Below are lines of data, and only some are wanted. Please repeat exactly those from the line that has "qed (simp add: len)" through the line that has "(Suc i) \<in>".

- Information given -
***

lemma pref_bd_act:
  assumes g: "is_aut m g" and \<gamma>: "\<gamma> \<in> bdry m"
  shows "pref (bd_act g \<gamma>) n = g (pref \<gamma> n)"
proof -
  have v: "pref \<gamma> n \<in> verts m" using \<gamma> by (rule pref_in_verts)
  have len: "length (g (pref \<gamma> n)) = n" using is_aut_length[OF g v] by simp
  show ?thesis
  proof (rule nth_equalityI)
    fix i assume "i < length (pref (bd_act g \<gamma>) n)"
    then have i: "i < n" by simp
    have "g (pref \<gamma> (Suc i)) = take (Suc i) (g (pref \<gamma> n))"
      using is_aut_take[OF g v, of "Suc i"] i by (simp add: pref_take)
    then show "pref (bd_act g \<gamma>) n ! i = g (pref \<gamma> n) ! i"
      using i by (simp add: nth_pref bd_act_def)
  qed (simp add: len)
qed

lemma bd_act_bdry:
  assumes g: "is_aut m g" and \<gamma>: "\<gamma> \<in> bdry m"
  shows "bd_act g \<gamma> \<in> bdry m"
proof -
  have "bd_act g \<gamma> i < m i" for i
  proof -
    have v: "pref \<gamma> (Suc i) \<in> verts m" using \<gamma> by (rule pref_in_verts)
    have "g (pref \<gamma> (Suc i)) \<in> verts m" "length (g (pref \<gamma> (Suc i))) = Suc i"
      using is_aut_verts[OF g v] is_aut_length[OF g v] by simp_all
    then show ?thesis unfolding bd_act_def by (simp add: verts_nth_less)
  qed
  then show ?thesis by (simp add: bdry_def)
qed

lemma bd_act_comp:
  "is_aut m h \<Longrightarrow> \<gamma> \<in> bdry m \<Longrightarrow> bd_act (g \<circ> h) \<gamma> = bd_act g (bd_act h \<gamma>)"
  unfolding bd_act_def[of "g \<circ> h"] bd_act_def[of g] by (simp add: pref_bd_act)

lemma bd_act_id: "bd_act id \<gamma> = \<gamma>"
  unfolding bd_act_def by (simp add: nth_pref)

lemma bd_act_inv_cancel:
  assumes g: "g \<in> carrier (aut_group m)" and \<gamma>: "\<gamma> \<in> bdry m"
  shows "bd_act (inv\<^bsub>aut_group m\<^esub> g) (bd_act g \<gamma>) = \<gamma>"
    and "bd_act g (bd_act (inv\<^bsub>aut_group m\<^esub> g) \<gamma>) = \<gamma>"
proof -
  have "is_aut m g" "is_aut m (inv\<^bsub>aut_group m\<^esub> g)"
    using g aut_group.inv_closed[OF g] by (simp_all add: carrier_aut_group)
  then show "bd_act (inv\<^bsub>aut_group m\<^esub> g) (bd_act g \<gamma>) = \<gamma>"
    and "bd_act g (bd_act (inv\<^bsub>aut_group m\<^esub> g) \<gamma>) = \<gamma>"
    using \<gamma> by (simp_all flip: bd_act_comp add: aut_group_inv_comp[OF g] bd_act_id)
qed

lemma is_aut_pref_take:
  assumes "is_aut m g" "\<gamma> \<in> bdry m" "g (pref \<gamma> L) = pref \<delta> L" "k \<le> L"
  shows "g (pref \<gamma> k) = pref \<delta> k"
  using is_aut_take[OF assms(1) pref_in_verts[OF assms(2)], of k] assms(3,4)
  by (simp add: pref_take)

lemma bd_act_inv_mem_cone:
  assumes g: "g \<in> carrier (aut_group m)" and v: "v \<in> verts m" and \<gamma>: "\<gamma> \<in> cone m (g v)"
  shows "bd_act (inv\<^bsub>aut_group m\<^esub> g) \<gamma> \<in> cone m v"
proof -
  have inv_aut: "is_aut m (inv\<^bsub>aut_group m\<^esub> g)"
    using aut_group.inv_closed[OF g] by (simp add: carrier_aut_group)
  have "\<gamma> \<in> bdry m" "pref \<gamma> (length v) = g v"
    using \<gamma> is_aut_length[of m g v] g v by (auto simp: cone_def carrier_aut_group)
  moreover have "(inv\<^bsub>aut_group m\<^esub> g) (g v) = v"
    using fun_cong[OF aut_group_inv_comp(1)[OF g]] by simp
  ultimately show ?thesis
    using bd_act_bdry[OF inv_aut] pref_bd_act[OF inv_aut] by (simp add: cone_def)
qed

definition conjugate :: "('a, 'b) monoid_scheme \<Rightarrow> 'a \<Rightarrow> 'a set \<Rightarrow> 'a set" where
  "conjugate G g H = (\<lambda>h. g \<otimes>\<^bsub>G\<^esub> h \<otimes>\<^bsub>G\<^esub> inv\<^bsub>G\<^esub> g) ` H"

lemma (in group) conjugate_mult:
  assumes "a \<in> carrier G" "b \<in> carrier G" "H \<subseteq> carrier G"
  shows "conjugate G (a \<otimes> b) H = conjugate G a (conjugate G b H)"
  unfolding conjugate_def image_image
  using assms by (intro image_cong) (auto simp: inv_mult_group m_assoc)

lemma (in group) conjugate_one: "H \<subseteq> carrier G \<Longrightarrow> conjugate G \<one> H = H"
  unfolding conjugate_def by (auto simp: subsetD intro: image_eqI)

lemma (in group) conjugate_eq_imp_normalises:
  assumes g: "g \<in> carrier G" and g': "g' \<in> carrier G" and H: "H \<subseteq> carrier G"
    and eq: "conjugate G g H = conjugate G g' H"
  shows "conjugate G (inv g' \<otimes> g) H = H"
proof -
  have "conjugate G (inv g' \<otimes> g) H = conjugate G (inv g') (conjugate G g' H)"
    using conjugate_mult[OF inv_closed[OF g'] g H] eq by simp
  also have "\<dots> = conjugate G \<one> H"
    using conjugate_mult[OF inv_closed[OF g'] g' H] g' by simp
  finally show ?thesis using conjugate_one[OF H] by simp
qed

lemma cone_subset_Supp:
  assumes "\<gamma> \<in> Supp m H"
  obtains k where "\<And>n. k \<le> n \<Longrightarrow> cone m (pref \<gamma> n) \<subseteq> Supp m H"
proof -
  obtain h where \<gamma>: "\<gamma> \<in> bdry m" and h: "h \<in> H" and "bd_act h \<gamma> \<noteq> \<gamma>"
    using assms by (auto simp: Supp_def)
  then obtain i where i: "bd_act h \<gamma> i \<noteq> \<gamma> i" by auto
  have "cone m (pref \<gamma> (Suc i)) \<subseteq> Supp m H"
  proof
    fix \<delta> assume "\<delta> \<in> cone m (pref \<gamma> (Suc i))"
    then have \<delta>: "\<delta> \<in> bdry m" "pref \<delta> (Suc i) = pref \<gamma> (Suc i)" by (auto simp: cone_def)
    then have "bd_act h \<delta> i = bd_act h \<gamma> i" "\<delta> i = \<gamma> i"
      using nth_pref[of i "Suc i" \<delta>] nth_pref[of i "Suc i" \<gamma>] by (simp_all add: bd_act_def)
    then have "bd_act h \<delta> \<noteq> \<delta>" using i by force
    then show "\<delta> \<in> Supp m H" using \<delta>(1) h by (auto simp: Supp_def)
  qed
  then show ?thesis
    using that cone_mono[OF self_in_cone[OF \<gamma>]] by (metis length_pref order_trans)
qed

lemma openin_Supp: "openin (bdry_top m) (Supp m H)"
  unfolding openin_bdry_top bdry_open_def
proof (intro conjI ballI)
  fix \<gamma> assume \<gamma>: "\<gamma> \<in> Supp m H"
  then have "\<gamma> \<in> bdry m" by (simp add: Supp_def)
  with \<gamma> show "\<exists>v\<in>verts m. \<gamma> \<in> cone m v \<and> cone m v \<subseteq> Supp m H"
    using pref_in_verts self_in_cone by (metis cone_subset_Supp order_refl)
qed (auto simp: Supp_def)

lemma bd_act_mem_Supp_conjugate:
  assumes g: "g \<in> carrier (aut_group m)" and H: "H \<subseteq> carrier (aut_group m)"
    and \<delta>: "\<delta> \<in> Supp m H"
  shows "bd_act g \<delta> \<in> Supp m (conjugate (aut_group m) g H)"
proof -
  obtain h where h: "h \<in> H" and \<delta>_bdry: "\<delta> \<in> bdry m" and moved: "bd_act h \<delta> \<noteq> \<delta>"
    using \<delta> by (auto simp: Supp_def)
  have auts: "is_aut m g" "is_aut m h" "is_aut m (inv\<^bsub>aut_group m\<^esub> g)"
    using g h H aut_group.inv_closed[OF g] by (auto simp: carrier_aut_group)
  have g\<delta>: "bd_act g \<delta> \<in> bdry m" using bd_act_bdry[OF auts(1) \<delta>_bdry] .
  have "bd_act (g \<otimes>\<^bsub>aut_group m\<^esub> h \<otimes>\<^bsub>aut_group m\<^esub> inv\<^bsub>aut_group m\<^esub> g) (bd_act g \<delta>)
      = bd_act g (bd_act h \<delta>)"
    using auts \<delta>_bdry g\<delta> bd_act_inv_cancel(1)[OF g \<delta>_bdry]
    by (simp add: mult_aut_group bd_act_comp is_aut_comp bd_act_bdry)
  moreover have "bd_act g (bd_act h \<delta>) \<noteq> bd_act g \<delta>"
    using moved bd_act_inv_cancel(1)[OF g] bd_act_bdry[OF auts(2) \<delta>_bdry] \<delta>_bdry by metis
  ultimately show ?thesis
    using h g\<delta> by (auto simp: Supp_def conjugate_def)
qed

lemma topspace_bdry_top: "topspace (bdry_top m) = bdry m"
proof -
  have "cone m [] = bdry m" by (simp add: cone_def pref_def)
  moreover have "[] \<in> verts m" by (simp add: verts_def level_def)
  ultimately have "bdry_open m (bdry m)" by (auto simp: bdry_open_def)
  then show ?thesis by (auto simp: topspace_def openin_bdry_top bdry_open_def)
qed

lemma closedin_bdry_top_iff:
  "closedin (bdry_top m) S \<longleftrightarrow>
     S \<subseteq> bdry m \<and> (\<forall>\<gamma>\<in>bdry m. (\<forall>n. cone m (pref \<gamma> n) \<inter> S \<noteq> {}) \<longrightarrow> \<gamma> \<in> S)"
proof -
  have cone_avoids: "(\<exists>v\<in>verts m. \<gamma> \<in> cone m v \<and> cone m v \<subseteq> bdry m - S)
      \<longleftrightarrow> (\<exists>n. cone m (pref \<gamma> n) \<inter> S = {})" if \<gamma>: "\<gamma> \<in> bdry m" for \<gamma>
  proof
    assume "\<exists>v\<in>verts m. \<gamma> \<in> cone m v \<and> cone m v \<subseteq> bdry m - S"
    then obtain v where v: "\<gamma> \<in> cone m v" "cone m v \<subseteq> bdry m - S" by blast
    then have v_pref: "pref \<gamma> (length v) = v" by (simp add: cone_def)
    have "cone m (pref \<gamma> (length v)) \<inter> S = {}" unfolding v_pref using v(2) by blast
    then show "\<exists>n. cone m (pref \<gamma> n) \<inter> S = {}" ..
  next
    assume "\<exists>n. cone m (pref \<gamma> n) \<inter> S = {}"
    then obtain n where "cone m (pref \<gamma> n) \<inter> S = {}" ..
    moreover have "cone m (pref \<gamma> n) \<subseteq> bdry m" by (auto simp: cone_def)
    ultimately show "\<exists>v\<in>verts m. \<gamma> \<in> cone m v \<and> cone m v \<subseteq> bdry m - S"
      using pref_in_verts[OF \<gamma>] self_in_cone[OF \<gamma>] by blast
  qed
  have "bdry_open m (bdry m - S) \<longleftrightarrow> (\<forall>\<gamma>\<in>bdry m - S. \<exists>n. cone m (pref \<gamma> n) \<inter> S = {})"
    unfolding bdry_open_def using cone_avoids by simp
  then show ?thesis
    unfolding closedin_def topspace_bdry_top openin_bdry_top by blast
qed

***

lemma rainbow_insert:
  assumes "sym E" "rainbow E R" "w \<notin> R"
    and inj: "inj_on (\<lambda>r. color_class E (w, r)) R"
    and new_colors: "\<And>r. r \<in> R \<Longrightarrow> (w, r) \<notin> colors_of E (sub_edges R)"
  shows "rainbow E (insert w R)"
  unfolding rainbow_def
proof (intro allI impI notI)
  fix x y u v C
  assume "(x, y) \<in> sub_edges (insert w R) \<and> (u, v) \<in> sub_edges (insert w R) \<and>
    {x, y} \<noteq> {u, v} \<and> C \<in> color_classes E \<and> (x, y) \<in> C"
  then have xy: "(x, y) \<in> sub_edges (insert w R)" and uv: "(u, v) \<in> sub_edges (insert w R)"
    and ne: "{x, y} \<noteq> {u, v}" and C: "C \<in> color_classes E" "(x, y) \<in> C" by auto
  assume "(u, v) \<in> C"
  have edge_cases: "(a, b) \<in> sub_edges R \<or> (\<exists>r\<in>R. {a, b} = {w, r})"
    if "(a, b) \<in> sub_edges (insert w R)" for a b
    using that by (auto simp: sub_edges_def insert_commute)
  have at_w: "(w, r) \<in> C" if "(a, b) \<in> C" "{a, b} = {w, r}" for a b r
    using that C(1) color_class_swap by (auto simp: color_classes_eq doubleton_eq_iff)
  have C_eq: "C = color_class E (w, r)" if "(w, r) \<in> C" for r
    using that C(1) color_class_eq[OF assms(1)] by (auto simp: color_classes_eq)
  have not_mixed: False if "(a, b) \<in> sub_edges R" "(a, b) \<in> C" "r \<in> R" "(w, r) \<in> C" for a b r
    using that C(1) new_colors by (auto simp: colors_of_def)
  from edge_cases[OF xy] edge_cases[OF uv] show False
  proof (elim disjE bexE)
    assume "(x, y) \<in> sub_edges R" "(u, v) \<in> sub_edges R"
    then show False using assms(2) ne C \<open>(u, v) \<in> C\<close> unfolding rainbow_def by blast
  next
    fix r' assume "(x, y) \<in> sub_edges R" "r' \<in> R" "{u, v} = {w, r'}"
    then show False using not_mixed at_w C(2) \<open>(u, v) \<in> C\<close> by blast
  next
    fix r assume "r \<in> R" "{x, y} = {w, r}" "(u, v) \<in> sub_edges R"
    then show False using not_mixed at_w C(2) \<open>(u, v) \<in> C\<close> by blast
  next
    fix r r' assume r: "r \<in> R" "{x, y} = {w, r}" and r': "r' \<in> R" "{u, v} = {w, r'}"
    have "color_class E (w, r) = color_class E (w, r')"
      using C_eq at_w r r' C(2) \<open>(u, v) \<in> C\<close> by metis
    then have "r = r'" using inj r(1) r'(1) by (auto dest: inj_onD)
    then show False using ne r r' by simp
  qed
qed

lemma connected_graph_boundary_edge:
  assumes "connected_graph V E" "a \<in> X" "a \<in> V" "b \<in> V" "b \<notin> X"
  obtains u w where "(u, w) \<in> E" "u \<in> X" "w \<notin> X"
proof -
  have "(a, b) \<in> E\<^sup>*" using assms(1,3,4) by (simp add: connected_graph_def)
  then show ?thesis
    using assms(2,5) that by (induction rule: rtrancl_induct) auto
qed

***

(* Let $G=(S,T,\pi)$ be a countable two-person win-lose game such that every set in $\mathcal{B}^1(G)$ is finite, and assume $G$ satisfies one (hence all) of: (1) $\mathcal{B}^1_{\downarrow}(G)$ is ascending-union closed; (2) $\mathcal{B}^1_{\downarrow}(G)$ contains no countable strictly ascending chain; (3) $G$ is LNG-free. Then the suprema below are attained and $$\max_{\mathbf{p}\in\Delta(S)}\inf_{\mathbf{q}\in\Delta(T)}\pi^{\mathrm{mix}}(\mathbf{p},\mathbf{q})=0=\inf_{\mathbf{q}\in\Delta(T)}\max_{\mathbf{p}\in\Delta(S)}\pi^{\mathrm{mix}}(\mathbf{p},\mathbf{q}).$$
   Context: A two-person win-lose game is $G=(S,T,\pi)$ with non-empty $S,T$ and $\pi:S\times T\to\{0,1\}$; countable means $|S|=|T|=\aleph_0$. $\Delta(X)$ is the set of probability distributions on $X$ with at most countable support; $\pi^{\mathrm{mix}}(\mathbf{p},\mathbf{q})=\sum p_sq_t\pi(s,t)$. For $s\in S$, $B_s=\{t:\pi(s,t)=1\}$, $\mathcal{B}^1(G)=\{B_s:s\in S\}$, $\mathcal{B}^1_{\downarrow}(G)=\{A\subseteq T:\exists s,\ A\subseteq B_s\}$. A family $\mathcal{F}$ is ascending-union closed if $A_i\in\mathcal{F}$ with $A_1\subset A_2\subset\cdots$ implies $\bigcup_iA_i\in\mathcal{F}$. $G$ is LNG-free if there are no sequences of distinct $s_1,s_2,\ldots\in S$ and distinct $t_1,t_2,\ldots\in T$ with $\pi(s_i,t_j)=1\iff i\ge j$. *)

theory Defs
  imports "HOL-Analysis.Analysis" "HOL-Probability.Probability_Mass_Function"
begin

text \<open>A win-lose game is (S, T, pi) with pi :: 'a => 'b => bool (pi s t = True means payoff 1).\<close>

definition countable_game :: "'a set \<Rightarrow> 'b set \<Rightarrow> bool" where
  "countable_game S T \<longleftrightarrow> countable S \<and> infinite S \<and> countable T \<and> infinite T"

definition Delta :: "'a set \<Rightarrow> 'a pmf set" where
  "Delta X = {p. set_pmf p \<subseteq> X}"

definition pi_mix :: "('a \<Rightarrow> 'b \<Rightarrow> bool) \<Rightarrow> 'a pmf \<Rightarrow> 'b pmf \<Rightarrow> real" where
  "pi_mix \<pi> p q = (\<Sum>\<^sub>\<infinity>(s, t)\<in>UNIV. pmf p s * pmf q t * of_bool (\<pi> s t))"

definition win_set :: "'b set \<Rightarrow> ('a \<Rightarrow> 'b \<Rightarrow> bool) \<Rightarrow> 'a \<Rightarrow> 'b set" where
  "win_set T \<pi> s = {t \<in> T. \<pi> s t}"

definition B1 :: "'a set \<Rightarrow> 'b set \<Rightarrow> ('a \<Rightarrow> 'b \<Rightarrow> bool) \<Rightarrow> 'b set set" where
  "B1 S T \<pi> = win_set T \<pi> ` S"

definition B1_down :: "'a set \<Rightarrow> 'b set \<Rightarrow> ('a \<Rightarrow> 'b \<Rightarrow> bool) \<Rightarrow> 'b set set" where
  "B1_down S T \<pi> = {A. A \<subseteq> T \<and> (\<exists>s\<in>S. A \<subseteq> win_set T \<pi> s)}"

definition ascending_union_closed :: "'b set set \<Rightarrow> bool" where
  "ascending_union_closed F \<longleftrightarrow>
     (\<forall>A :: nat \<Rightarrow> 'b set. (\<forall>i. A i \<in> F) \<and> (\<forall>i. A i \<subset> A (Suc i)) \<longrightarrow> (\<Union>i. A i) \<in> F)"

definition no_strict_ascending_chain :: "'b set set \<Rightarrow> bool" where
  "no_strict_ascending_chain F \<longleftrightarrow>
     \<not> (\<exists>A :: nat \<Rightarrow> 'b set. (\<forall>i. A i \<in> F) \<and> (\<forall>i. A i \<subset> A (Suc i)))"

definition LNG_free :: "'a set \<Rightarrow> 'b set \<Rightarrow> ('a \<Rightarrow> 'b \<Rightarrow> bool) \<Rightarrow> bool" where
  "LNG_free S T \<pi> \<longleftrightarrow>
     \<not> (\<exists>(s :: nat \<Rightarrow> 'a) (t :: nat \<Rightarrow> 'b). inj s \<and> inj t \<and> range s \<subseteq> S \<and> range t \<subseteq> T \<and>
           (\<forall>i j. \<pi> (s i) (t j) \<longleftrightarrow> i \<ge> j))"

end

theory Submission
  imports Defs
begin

***

- The completed task -
  qed (simp add: len)
qed

lemma bd_act_bdry:
  assumes g: "is_aut m g" and \<gamma>: "\<gamma> \<in> bdry m"
  shows "bd_act g \<gamma> \<in> bdry m"
proof -
  have "bd_act g \<gamma> i < m i" for i
  proof -
    have v: "pref \<gamma> (Suc i) \<in> verts m" using \<gamma> by (rule pref_in_verts)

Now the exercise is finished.